▶ [EXERCISE GOAL]
Repeat the data precisely as given.

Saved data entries
=== Section Start ===
(* Let $A$ be a finite-dimensional associative algebra over $K=\mathbb{R}$ or $\mathbb{C}$, let $\{\cdot,\cdot\}$ be a quadratic pre-Poisson bracket on $A$ (not necessarily compatible with the multiplication), let $\delta\colon\mathrm{Symm}(A\otimes A)\to A\wedge A\subset A\otimes A$ be the dual of the map $\delta^*\colon A^*\wedge A^*\to\mathrm{Sym}^2(A^* )$ encoding the bracket, and let $\tilde\delta\colon A\otimes A\to A\otimes A$ be an arbitrary linear extension of $\delta$. Then for every fully symmetric tensor $X\in A\otimes A\otimes A$ the value $[[\tilde\delta,\tilde\delta]](X)$ depends only on $\delta$ (not on the chosen extension), and the bracket satisfies the Jacobi identity if and only if $[[\tilde\delta,\tilde\delta]](X)=0$ for every fully symmetric $X\in A\otimes A\otimes A$.
   Context: A pre-Poisson bracket on $A$ is a bilinear skew-symmetric map on $C^\infty(A)$ satisfying the Leibniz rule; it is quadratic if the bracket of two linear functions (elements of $A^*$) is a homogeneous quadratic function (element of $\mathrm{Sym}^2(A^* )$); it is then encoded by $\delta^*(\xi\wedge\eta)=\{\xi,\eta\}$, and $\delta$ is the dual map under the natural identifications of $\mathrm{Symm}(A\otimes A)$ with $(\mathrm{Sym}^2A^* )^*$ and $A\wedge A$ with $(A^*\wedge A^* )^*$. For a linear operator $P$ on $V\otimes V$, $P^{12}$ denotes the operator on $V\otimes V\otimes V$ acting as $P$ on the first two factors and as the identity on the third; $P^{13},P^{23}$ are defined similarly. The Schouten bracket is the operator $[[P,P]]=[P^{12},P^{13}]+[P^{12},P^{23}]+[P^{13},P^{23}]$ on $V^{\otimes3}$, where $[\cdot,\cdot]$ is the commutator of operators. *)

theory Defs
  imports Complex_Main
begin

text \<open>Coordinates: the algebra A is K^n with basis e_i indexed by a finite type 'n.
  Elements of A: 'n => 'k; of A (x) A: 'n * 'n => 'k; of A (x) A (x) A: 'n * 'n * 'n => 'k.\<close>

definition assoc_alg :: "('n::finite \<Rightarrow> 'n \<Rightarrow> 'n \<Rightarrow> 'k::comm_ring_1) \<Rightarrow> bool" where
  "assoc_alg mu \<longleftrightarrow> (\<forall>i j k q. (\<Sum>p\<in>UNIV. mu i j p * mu p k q) = (\<Sum>p\<in>UNIV. mu j k p * mu i p q))"

definition op_apply :: "('n::finite \<times> 'n \<Rightarrow> 'n \<times> 'n \<Rightarrow> 'k::comm_ring_1) \<Rightarrow> ('n \<times> 'n \<Rightarrow> 'k) \<Rightarrow> ('n \<times> 'n \<Rightarrow> 'k)" where
  "op_apply P t = (\<lambda>p. \<Sum>q\<in>UNIV. P p q * t q)"

definition sym2 :: "('n \<times> 'n \<Rightarrow> 'k) \<Rightarrow> bool" where
  "sym2 t \<longleftrightarrow> (\<forall>i j. t (i, j) = t (j, i))"

definition sym3 :: "('n \<times> 'n \<times> 'n \<Rightarrow> 'k) \<Rightarrow> bool" where
  "sym3 X \<longleftrightarrow> (\<forall>i j k. X (i, j, k) = X (j, i, k) \<and> X (i, j, k) = X (i, k, j) \<and> X (i, j, k) = X (k, j, i)
                        \<and> X (i, j, k) = X (j, k, i) \<and> X (i, j, k) = X (k, i, j))"

definition P12 :: "('n::finite \<times> 'n \<Rightarrow> 'n \<times> 'n \<Rightarrow> 'k::comm_ring_1) \<Rightarrow> ('n \<times> 'n \<times> 'n \<Rightarrow> 'k) \<Rightarrow> ('n \<times> 'n \<times> 'n \<Rightarrow> 'k)" where
  "P12 P X = (\<lambda>(i, j, m). \<Sum>(k, l)\<in>UNIV. P (i, j) (k, l) * X (k, l, m))"

definition P13 :: "('n::finite \<times> 'n \<Rightarrow> 'n \<times> 'n \<Rightarrow> 'k::comm_ring_1) \<Rightarrow> ('n \<times> 'n \<times> 'n \<Rightarrow> 'k) \<Rightarrow> ('n \<times> 'n \<times> 'n \<Rightarrow> 'k)" where
  "P13 P X = (\<lambda>(i, j, m). \<Sum>(k, l)\<in>UNIV. P (i, m) (k, l) * X (k, j, l))"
=== Section End ===
▶ [REPLY]
(* Let $A$ be a finite-dimensional associative algebra over $K=\mathbb{R}$ or $\mathbb{C}$, let $\{\cdot,\cdot\}$ be a quadratic pre-Poisson bracket on $A$ (not necessarily compatible with the multiplication), let $\delta\colon\mathrm{Symm}(A\otimes A)\to A\wedge A\subset A\otimes A$ be the dual of the map $\delta^*\colon A^*\wedge A^*\to\mathrm{Sym}^2(A^* )$ encoding the bracket, and let $\tilde\delta\colon A\otimes A\to A\otimes A$ be an arbitrary linear extension of $\delta$. Then for every fully symmetric tensor $X\in A\otimes A\otimes A$ the value $[[\tilde\delta,\tilde\delta]](X)$ depends only on $\delta$ (not on the chosen extension), and the bracket satisfies the Jacobi identity if and only if $[[\tilde\delta,\tilde\delta]](X)=0$ for every fully symmetric $X\in A\otimes A\otimes A$.
   Context: A pre-Poisson bracket on $A$ is a bilinear skew-symmetric map on $C^\infty(A)$ satisfying the Leibniz rule; it is quadratic if the bracket of two linear functions (elements of $A^*$) is a homogeneous quadratic function (element of $\mathrm{Sym}^2(A^* )$); it is then encoded by $\delta^*(\xi\wedge\eta)=\{\xi,\eta\}$, and $\delta$ is the dual map under the natural identifications of $\mathrm{Symm}(A\otimes A)$ with $(\mathrm{Sym}^2A^* )^*$ and $A\wedge A$ with $(A^*\wedge A^* )^*$. For a linear operator $P$ on $V\otimes V$, $P^{12}$ denotes the operator on $V\otimes V\otimes V$ acting as $P$ on the first two factors and as the identity on the third; $P^{13},P^{23}$ are defined similarly. The Schouten bracket is the operator $[[P,P]]=[P^{12},P^{13}]+[P^{12},P^{23}]+[P^{13},P^{23}]$ on $V^{\otimes3}$, where $[\cdot,\cdot]$ is the commutator of operators. *)

theory Defs
  imports Complex_Main
begin

text \<open>Coordinates: the algebra A is K^n with basis e_i indexed by a finite type 'n.
  Elements of A: 'n => 'k; of A (x) A: 'n * 'n => 'k; of A (x) A (x) A: 'n * 'n * 'n => 'k.\<close>

definition assoc_alg :: "('n::finite \<Rightarrow> 'n \<Rightarrow> 'n \<Rightarrow> 'k::comm_ring_1) \<Rightarrow> bool" where
  "assoc_alg mu \<longleftrightarrow> (\<forall>i j k q. (\<Sum>p\<in>UNIV. mu i j p * mu p k q) = (\<Sum>p\<in>UNIV. mu j k p * mu i p q))"

definition op_apply :: "('n::finite \<times> 'n \<Rightarrow> 'n \<times> 'n \<Rightarrow> 'k::comm_ring_1) \<Rightarrow> ('n \<times> 'n \<Rightarrow> 'k) \<Rightarrow> ('n \<times> 'n \<Rightarrow> 'k)" where
  "op_apply P t = (\<lambda>p. \<Sum>q\<in>UNIV. P p q * t q)"

definition sym2 :: "('n \<times> 'n \<Rightarrow> 'k) \<Rightarrow> bool" where
  "sym2 t \<longleftrightarrow> (\<forall>i j. t (i, j) = t (j, i))"

definition sym3 :: "('n \<times> 'n \<times> 'n \<Rightarrow> 'k) \<Rightarrow> bool" where
  "sym3 X \<longleftrightarrow> (\<forall>i j k. X (i, j, k) = X (j, i, k) \<and> X (i, j, k) = X (i, k, j) \<and> X (i, j, k) = X (k, j, i)
                        \<and> X (i, j, k) = X (j, k, i) \<and> X (i, j, k) = X (k, i, j))"

definition P12 :: "('n::finite \<times> 'n \<Rightarrow> 'n \<times> 'n \<Rightarrow> 'k::comm_ring_1) \<Rightarrow> ('n \<times> 'n \<times> 'n \<Rightarrow> 'k) \<Rightarrow> ('n \<times> 'n \<times> 'n \<Rightarrow> 'k)" where
  "P12 P X = (\<lambda>(i, j, m). \<Sum>(k, l)\<in>UNIV. P (i, j) (k, l) * X (k, l, m))"

definition P13 :: "('n::finite \<times> 'n \<Rightarrow> 'n \<times> 'n \<Rightarrow> 'k::comm_ring_1) \<Rightarrow> ('n \<times> 'n \<times> 'n \<Rightarrow> 'k) \<Rightarrow> ('n \<times> 'n \<times> 'n \<Rightarrow> 'k)" where
  "P13 P X = (\<lambda>(i, j, m). \<Sum>(k, l)\<in>UNIV. P (i, m) (k, l) * X (k, j, l))"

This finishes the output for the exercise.